Ах да, я же не сказал самого главного. Не прояснил причину, по какой я замерзаю среди всех этих пыльных мешков с мукой. Как я уже говорил, вильмарфы предпочитают селиться вдали от людей. Они обожают устраивать засады на пустынных дорогах и вблизи кладбищ. В деревне, на мельнице, им делать совершенно нечего. Но я был почти стопроцентно уверен, что встречу этих тварей именно здесь. Говорю о них во множественном числе, потому что вильмарфы живут парами, а то и целыми семьями. Вильмарфы - отталкивающего вида коварные людоеды и падальщики, в которых нет ничего магического. Но и им не чужды простые семейные ценности! Я надеялся, что их будет не больше двух. Не хотелось бы схватиться с целым выводком мерзких пакостников.
Но что им делать на мельнице? И как они вообще оказались в Подлесье? Поначалу, приняв во внимание версию о том, что детей похищают именно они, я не мог ответить ни на один из вышеозначенных вопросов. Ответ пришёл, когда я попытался рассмотреть задачу под другим углом. Я задумался о вероятном хозяине вильмарфов. И всё стало на свои места. Элементарно, как любил говаривать один головастый парень, обожающий скрипки и трубки.
Я не торопился присваивать себе лавры Шерлока Холмса. Но сложить два и два был в состоянии. Отчасти помогли и богатый опыт столкновений с самыми различными тварями и знания, почерпнутые из старых книг. В той же самой книге, где говорилось о людях, способных управлять вильмарфами, был раздел, посвящённый жрецам культа Зеймуса. Эти ребята славились умением контролировать разум животных. Любых, даже волшебных, таких как единороги и драконы. Что для подобных кудесников какие-то там вильмарфы, пусть и обладающие врождённым даром туманить сознание! В книге говорилось, что Зеймус был зверобогом и одним из полководцев Хаоса. Его последователи приносили ему в жертву животных. Бедные зверушки покорно ложились на алтари, проливая кровь во славу Зеймуса.

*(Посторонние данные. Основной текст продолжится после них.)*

lemma finitely_dominated:
  assumes "x \<noteq> 0"
  shows "\<exists>F c. finite F \<and> c < N x \<and> (\<forall>l\<in>L - F. \<bar>h l x\<bar> \<le> c)"
proof -
  define q where "q = N x - norm x"
  define t where "t = min 1 (q / (2 * norm x))"
  have "q > 0" using norm_less_N[OF assms] by (simp add: q_def)
  then have t: "0 < t" "t \<le> 1" "(1 + t) * norm x \<le> N x - q / 2"
    using assms by (auto simp: t_def q_def min_def field_simps)
  define TI where "TI = {i\<in>I. 1 + t / 5 \<le> C i}"
  define TJ where "TJ = {j\<in>J. t / 3 \<le> eps j}"
  have "finite TI" unfolding TI_def by (rule C_tail_finite) (use t in simp)
  have "finite TJ" unfolding TJ_def by (rule eps_tail_finite) (use t in simp)
  define \<beta> where "\<beta> = Min (insert (q / 2) ((\<lambda>i. (N x - C i * p i x) / 2) ` TI))"
  have "0 < \<beta>"
    using \<open>finite TI\<close> \<open>q > 0\<close> C_p_less_N[OF _ assms] unfolding \<beta>_def TI_def
    by (subst Min_gr_iff) auto
  have "\<beta> \<le> q / 2" unfolding \<beta>_def using \<open>finite TI\<close> by (intro Min_le) auto
  have \<beta>_TI: "C i * p i x + \<beta> \<le> N x - \<beta>" if "i \<in> TI" for i
  proof -
    have "\<beta> \<le> (N x - C i * p i x) / 2" unfolding \<beta>_def using \<open>finite TI\<close> that by (intro Min_le) auto
    then show ?thesis by simp
  qed
  have tail: "(1 + t) * norm x \<le> N x - \<beta>" using t(3) \<open>\<beta> \<le> q / 2\<close> by linarith
  obtain m0 where m0: "\<And>i m. i \<in> I \<Longrightarrow> m0 \<le> m \<Longrightarrow> \<bar>h (Inl (i, m)) x\<bar> \<le> C i * p i x + \<beta>"
    using abs_h_Inl_eventually_le[OF \<open>0 < \<beta>\<close>] by blast
  define F where "F = Inl ` (TI \<times> {..<m0}) \<union> Inr ` (SIGMA j:TJ. A j)"
  have "finite F" unfolding F_def using \<open>finite TI\<close> \<open>finite TJ\<close> finite_A by (auto simp: TJ_def)
  moreover have "\<bar>h l x\<bar> \<le> N x - \<beta>" if l: "l \<in> L - F" for l
  proof (cases "l \<in> Inl ` (TI \<times> UNIV)")
    case True
    then obtain i m where lim: "l = Inl (i, m)" "i \<in> TI" by blast
    have "m0 \<le> m"
    proof (rule ccontr)
      assume "\<not> m0 \<le> m"
      then have "l \<in> F" unfolding F_def lim by (intro UnI1 imageI) (auto simp: lim)
      with l show False by blast
    qed
    then show ?thesis using m0[of i m] \<beta>_TI[of i] lim by (auto simp: TI_def)
  next
    case False
    then have "\<bar>h l x\<bar> \<le> (1 + t) * norm x"
      using l t(2) by (intro abs_h_le_of_small_constants) (auto simp: F_def TI_def TJ_def)
    then show ?thesis using tail by linarith
  qed
  ultimately show ?thesis using \<open>0 < \<beta>\<close> by (intro exI[of _ F] exI[of _ "N x - \<beta>"]) auto
qed

theorem polyhedral_renorming: "isomorphically_polyhedral TYPE('a)"
  using isomorphically_polyhedral[OF norm_le_N finitely_dominated] by blast

end

section \<open>Restrictions and countable norming sets\<close>

lemma supnorm_restr_le:
  assumes "\<forall>d\<in>L. \<bar>d x\<bar> \<le> norm x"
  shows "supnorm L (restr L x) \<le> norm x"
  unfolding supnorm_def restr_def using assms by (auto intro!: cSUP_least)

lemma abs_le_supnorm_restr:
  assumes "\<forall>d\<in>L. \<bar>d x\<bar> \<le> norm x" "k \<in> L"
  shows "\<bar>k x\<bar> \<le> supnorm L (restr L x)"
proof -
  have "bdd_above ((\<lambda>l. \<bar>restr L x l\<bar>) ` L)"
    using assms(1) by (intro bdd_aboveI2[of _ _ "norm x"]) (auto simp: restr_def)
  from cSUP_upper[OF assms(2) this] show ?thesis
    using assms(2) by (auto simp: supnorm_def restr_def)
qed
(* Let $\mathcal X$ be a finite set (e.g. $\mathcal X=\mathcal V^L$), let $P,Q$ be probability distributions on $\mathcal X$, let $\delta>0$, let $\mathcal X_{\mathrm{Trunc}}=\{\mathbf x\in\mathcal X: Q(\mathbf x)\ge\delta\}$ and $\Delta=1-P(\mathcal X_{\mathrm{Trunc}})$, and assume $\Delta<1$. Let $P^{\mathrm{Trunc}}=P(\cdot\mid \mathcal X_{\mathrm{Trunc}})$ and $$\mathcal L^{\Delta}_{\mathrm{Trunc}}=-\mathbb E_{\mathbf x\sim P}\big[\mathbf 1_{\{Q(\mathbf x)\ge\delta\}}\log Q(\mathbf x)\big].$$ For any $\epsilon>0$, if $\mathcal L^{\Delta}_{\mathrm{Trunc}}\le \epsilon+(1-\Delta)H(P^{\mathrm{Trunc}})$, then there exists $\lambda\in(0,\infty)$ such that the precision–recall pair $(\alpha,\beta)=(\alpha_\lambda(P\Vert Q),\beta_\lambda(P\Vert Q))$ satisfies $\beta\ge (1-\Delta)-\sqrt{\epsilon}$ and $\alpha\ge 1-\sqrt{\frac{\epsilon}{2(1-\Delta)}}$.
   Context: $H$ denotes Shannon entropy (natural logarithm). For $\lambda\in(0,\infty)$, $\alpha_\lambda(P\Vert Q)=\sum_{\mathbf x}\min(\lambda P(\mathbf x),Q(\mathbf x))$ and $\beta_\lambda(P\Vert Q)=\sum_{\mathbf x}\min(P(\mathbf x),Q(\mathbf x)/\lambda)$. When $Q$ is autoregressive on sequences, $\log Q(\mathbf x)=\sum_{l=1}^L\log Q(x_l\mid\mathbf x_{<l})$, so the loss above is the "Trunc" loss $-\mathbb E_{\mathbf x\sim P}[\sum_l \mathbf 1_{\{Q(\mathbf x)\ge\delta\}}\log Q(x_l\mid \mathbf x_{<l})]$. *)

theory Defs
  imports Complex_Main
begin
(* For every positive integer $t$, setting $n=3\cdot 2^{2t-1}+1$, there exists an equiangular set of $\frac{2}{9}(n-1)(n+2)$ lines in $\mathbb{R}^n$.
   Context: A set of lines in $\mathbb{R}^n$ (or $\mathbb{C}^n$) spanned by unit vectors $v_1,\dots,v_r$ is equiangular if there is a constant $c$ such that $|\langle v_i,v_j\rangle|=c$ for all $1\le i<j\le r$. *)

theory Defs
  imports Complex_Main
begin

text \<open>Vectors of R^n are represented as functions nat => real vanishing outside {0..<n};
  the standard inner product is the sum over the coordinates below n.\<close>

definition rvec :: "nat \<Rightarrow> (nat \<Rightarrow> real) set" where
  "rvec n = {v. \<forall>k\<ge>n. v k = 0}"

definition ip :: "nat \<Rightarrow> (nat \<Rightarrow> real) \<Rightarrow> (nat \<Rightarrow> real) \<Rightarrow> real" where
  "ip n v w = (\<Sum>k<n. v k * w k)"

text \<open>A set of lines in R^n, given by a set V of spanning unit vectors (one per line, so
  no two are equal or opposite), is equiangular if all pairwise absolute inner products agree.\<close>

definition equiangular_lines :: "nat \<Rightarrow> (nat \<Rightarrow> real) set \<Rightarrow> bool" where
  "equiangular_lines n V \<longleftrightarrow>
     V \<subseteq> rvec n \<and>
     (\<forall>v\<in>V. ip n v v = 1) \<and>
     (\<forall>v\<in>V. \<forall>w\<in>V. v \<noteq> w \<longrightarrow> w \<noteq> (\<lambda>k. - v k)) \<and>
     (\<exists>c. \<forall>v\<in>V. \<forall>w\<in>V. v \<noteq> w \<longrightarrow> \<bar>ip n v w\<bar> = c)"

end

theory Submission
  imports Defs "HOL-Algebra.Algebraic_Closure_Type" "HOL-Library.Z2" "HOL-Library.Product_Plus"
begin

Казалось бы, что не самые плохие парни, эти жрецы. Их коллеги по цеху, поклоняющиеся другим Тёмным богам или же братья из чернокнижников, считали, что лучше человеческих жертв и быть не может. Но служители Зеймуса не были безобидными ребятами. Для того чтобы поддерживать в себе способность управлять разумом зверей, они должны были регулярно потреблять кровь невинных детей. Кровь питала их и давала силы. Не исключено, что я всё здорово упрощаю. Но отчего-то мне казалось, что древние жрецы Зеймуса и личности, повелевающие тварями наподобие вильмарфов, одни и те же люди. Поверьте, вильмарфы не слишком отличаются от животных.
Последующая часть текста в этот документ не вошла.